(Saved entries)
• • • • • • •

lemma grading_support_induced_partition:
  assumes "induced_partition rs vs blk"
  shows "grading_support rs blk =
    {\<Sum>j<length rs. int (n j) * rs ! j | n. \<forall>j<length rs. enat (n j) \<le> vs ! j}"
    (is "_ = ?sums")
proof -
  have blk: "\<forall>k. blk k < length rs"
    and ecard_block: "\<And>j. j < length rs \<Longrightarrow> ecard {k. blk k = j} = vs ! j"
    using assms unfolding induced_partition_def by auto
  show ?thesis
  proof (intro equalityI subsetI)
    fix r assume "r \<in> grading_support rs blk"
    then obtain M where "finite M" and r: "r = monomial_degree rs blk M"
      unfolding grading_support_def by auto
    moreover have "enat (card {k\<in>M. blk k = j}) \<le> vs ! j" if "j < length rs" for j
      using card_le_ecard[of "{k\<in>M. blk k = j}" "{k. blk k = j}"] \<open>finite M\<close> ecard_block[OF that]
      by auto
    ultimately show "r \<in> ?sums"
      using monomial_degree_eq_block_count_sum[OF \<open>finite M\<close> blk]
      by (intro CollectI exI[where x="\<lambda>j. card {k\<in>M. blk k = j}"]) auto
  next
    fix r assume "r \<in> ?sums"
    then obtain n where r: "r = (\<Sum>j<length rs. int (n j) * rs ! j)"
      and n: "\<forall>j<length rs. enat (n j) \<le> vs ! j" by auto
    have "\<exists>A. j < length rs \<longrightarrow> A \<subseteq> {k. blk k = j} \<and> finite A \<and> card A = n j" for j
    proof (cases "j < length rs")
      case True
      with n ecard_block obtain A where "A \<subseteq> {k. blk k = j}" "finite A" "card A = n j"
        by (metis obtain_subset_with_ecard)
      then show ?thesis by blast
    qed simp
    then obtain A where
      A: "\<And>j. j < length rs \<Longrightarrow> A j \<subseteq> {k. blk k = j} \<and> finite (A j) \<and> card (A j) = n j"
      by metis
    define M where "M = (\<Union>j<length rs. A j)"
    have "finite M" unfolding M_def using A by auto
    have "{k\<in>M. blk k = j} = A j" if "j < length rs" for j
      unfolding M_def using A that by blast
    then have "monomial_degree rs blk M = r"
      unfolding monomial_degree_eq_block_count_sum[OF \<open>finite M\<close> blk] r
      by (intro sum.cong) (auto simp: A)
    with \<open>finite M\<close> show "r \<in> grading_support rs blk" unfolding grading_support_def by blast
  qed
qed

lemma grading_support_three_blocks:
  assumes "induced_partition [r1, r2, r3] [v1, v2, v3] blk"
  shows "grading_support [r1, r2, r3] blk =
    {int a * r1 + int b * r2 + int c * r3 | a b c. enat a \<le> v1 \<and> enat b \<le> v2 \<and> enat c \<le> v3}"
    (is "_ = ?abc")
proof -
  have sum3: "(\<Sum>j<length [r1, r2, r3]. f j) = f 0 + f 1 + f 2" for f :: "nat \<Rightarrow> int"
    by (simp add: numeral_eq_Suc lessThan_Suc)
  have all3: "(\<forall>j<length [r1, r2, r3]. P j) \<longleftrightarrow> P 0 \<and> P 1 \<and> P 2" for P
    by (auto simp: less_Suc_eq numeral_eq_Suc)
  have "grading_support [r1, r2, r3] blk =
    {int (n 0) * r1 + int (n 1) * r2 + int (n 2) * r3 | n :: nat \<Rightarrow> nat.
      enat (n 0) \<le> v1 \<and> enat (n 1) \<le> v2 \<and> enat (n 2) \<le> v3}"
    (is "_ = ?n")
    unfolding grading_support_induced_partition[OF assms] sum3 all3 by simp
  also have "?n = ?abc"
  proof (intro equalityI subsetI)
    fix x assume "x \<in> ?abc"
    then obtain a b c where "x = int a * r1 + int b * r2 + int c * r3"
      and "enat a \<le> v1" "enat b \<le> v2" "enat c \<le> v3" by blast
    then show "x \<in> ?n" by (intro CollectI exI[where x="nth [a, b, c]"]) simp
  qed auto
  finally show ?thesis .
qed

lemma grading_support_two_blocks:
  assumes "induced_partition [r1, r2] [v1, v2] blk"
  shows "grading_support [r1, r2] blk =
    {int a * r1 + int b * r2 | a b. enat a \<le> v1 \<and> enat b \<le> v2}"
    (is "_ = ?ab")
proof -
  have sum2: "(\<Sum>j<length [r1, r2]. f j) = f 0 + f 1" for f :: "nat \<Rightarrow> int"
    by (simp add: numeral_eq_Suc lessThan_Suc)
  have all2: "(\<forall>j<length [r1, r2]. P j) \<longleftrightarrow> P 0 \<and> P 1" for P
    by (auto simp: less_Suc_eq)
  have "grading_support [r1, r2] blk =
    {int (n 0) * r1 + int (n 1) * r2 | n :: nat \<Rightarrow> nat. enat (n 0) \<le> v1 \<and> enat (n 1) \<le> v2}"
    (is "_ = ?n")
    unfolding grading_support_induced_partition[OF assms] sum2 all2 by simp
  also have "?n = ?ab"
  proof (intro equalityI subsetI)
    fix x assume "x \<in> ?ab"
    then obtain a b where "x = int a * r1 + int b * r2" and "enat a \<le> v1" "enat b \<le> v2"
      by blast
    then show "x \<in> ?n" by (intro CollectI exI[where x="nth [a, b]"]) simp
  qed auto
  finally show ?thesis .
qed

lemma mem_int_multiples_iff: "x \<in> int_multiples d \<longleftrightarrow> d dvd x"
  unfolding int_multiples_def by (auto simp: dvd_def)

lemma int_multiples_eq_UNIV_iff: "int_multiples d = UNIV \<longleftrightarrow> is_unit d"
proof
  assume "int_multiples d = UNIV"
  then show "is_unit d" using mem_int_multiples_iff[of 1 d] by simp
qed (auto simp: mem_int_multiples_iff unit_imp_dvd)

lemma nonneg_combinations_eq_int_multiples:
  fixes r s :: int
  assumes "r < 0" and "0 < s"
  shows "{int a * r + int b * s | a b. True} = int_multiples (gcd r s)"
proof (intro equalityI subsetI)
  fix x assume "x \<in> {int a * r + int b * s | a b. True}"
  then show "x \<in> int_multiples (gcd r s)" by (auto simp: mem_int_multiples_iff)
next
  fix x assume "x \<in> int_multiples (gcd r s)"
  then obtain k where x: "x = gcd r s * k" by (auto simp: mem_int_multiples_iff)
  obtain u v where uv: "u * r + v * s = gcd r s" using bezout_int by blast
  \<comment> \<open>Shifting the Bezout coefficients by \<open>(t * s, - t * r)\<close> keeps the combination and,
    for \<open>t\<close> large, makes both coefficients nonnegative.\<close>
  define t where "t = \<bar>k * u\<bar> + \<bar>k * v\<bar>"
  define a where "a = k * u + t * s"
  define b where "b = k * v - t * r"
  have "0 \<le> t" by (simp add: t_def)
  with assms have "t \<le> t * s" and "t \<le> t * (- r)"
    using mult_left_mono[of 1 s t] mult_left_mono[of 1 "- r" t] by simp_all
  moreover have "\<bar>k * u\<bar> \<le> t" and "\<bar>k * v\<bar> \<le> t" by (simp_all add: t_def)
  ultimately have "0 \<le> a" and "0 \<le> b"
    unfolding a_def b_def by (simp_all add: abs_le_iff)
  moreover have "x = a * r + b * s"
    unfolding x a_def b_def uv[symmetric] by (simp add: algebra_simps)
  ultimately have "x = int (nat a) * r + int (nat b) * s" by simp
  then show "x \<in> {int a * r + int b * s | a b. True}" by blast
qed

lemma bounded_multiples_cover_residues_iff:
  fixes r d :: int and v :: enat
  assumes "0 < d" and "coprime r d"
  shows "(\<forall>x. \<exists>b. enat b \<le> v \<and> d dvd x - int b * r) \<longleftrightarrow> enat (nat (d - 1)) \<le> v"
proof
  assume cover: "\<forall>x. \<exists>b. enat b \<le> v \<and> d dvd x - int b * r"
  show "enat (nat (d - 1)) \<le> v"
  proof (rule ccontr)
    assume "\<not> enat (nat (d - 1)) \<le> v"
    then have v: "v < enat (nat (d - 1))" by simp
    \<comment> \<open>As \<open>r\<close> is a unit modulo \<open>d\<close>, \<open>b * r \<equiv> (d - 1) * r\<close> forces \<open>b \<equiv> d - 1\<close>,
      which \<open>b \<le> v < d - 1\<close> rules out.\<close>
    from cover obtain b where b: "enat b \<le> v" and "d dvd (d - 1) * r - int b * r" by blast
    then have "d dvd (d - 1 - int b) * r" by (simp add: algebra_simps)
    with \<open>coprime r d\<close> have "d dvd d - 1 - int b"
      by (metis coprime_commute coprime_dvd_mult_left_iff)
    moreover from b v have "b < nat (d - 1)" by (metis enat_ord_simps(2) le_less_trans)
    then have "0 < d - 1 - int b" by linarith
    ultimately show False using zdvd_imp_le by fastforce
  qed
next
  assume v: "enat (nat (d - 1)) \<le> v"
  obtain u w where uw: "u * r + w * d = 1"
    using bezout_int[of r d] \<open>coprime r d\<close> by (metis coprime_iff_gcd_eq_1)
  show "\<forall>x. \<exists>b. enat b \<le> v \<and> d dvd x - int b * r"
  proof
    fix x
    define b where "b = (x * u) mod d"
    have "0 \<le> b" and "b < d" unfolding b_def using \<open>0 < d\<close> by simp_all
    with v have "enat (nat b) \<le> v" by (meson enat_ord_simps(1) order_trans nat_mono zle_diff1_eq)
    have "d dvd (x * u - b) * r + x * w * d"
      unfolding b_def by (simp add: mod_eq_dvd_iff)
    also have "(x * u - b) * r + x * w * d = x - b * r"
      using uw by algebra
    finally show "\<exists>b. enat b \<le> v \<and> d dvd x - int b * r"
      using \<open>0 \<le> b\<close> \<open>enat (nat b) \<le> v\<close> by (intro exI[where x="nat b"]) simp
  qed
qed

• • • • • • •

* _TASK BRIEF_: This exercise asks for the line with "d\<close> by simp_all" and all lines after it through the end of the records above, retyped exactly and with nothing else.

* _WRITTEN SOLUTION_:
    have "0 \<le> b" and "b < d" unfolding b_def using \<open>0 < d\<close> by simp_all
    with v have "enat (nat b) \<le> v" by (meson enat_ord_simps(1) order_trans nat_mono zle_diff1_eq)
    have "d dvd (x * u - b) * r + x * w * d"
      unfolding b_def by (simp add: mod_eq_dvd_iff)
    also have "(x * u - b) * r + x * w * d = x - b * r"
      using uw by algebra
    finally show "\<exists>b. enat b \<le> v \<and> d dvd x - int b * r"
      using \<open>0 \<le> b\<close> \<open>enat (nat b) \<le> v\<close> by (intro exI[where x="nat b"]) simp
  qed
qed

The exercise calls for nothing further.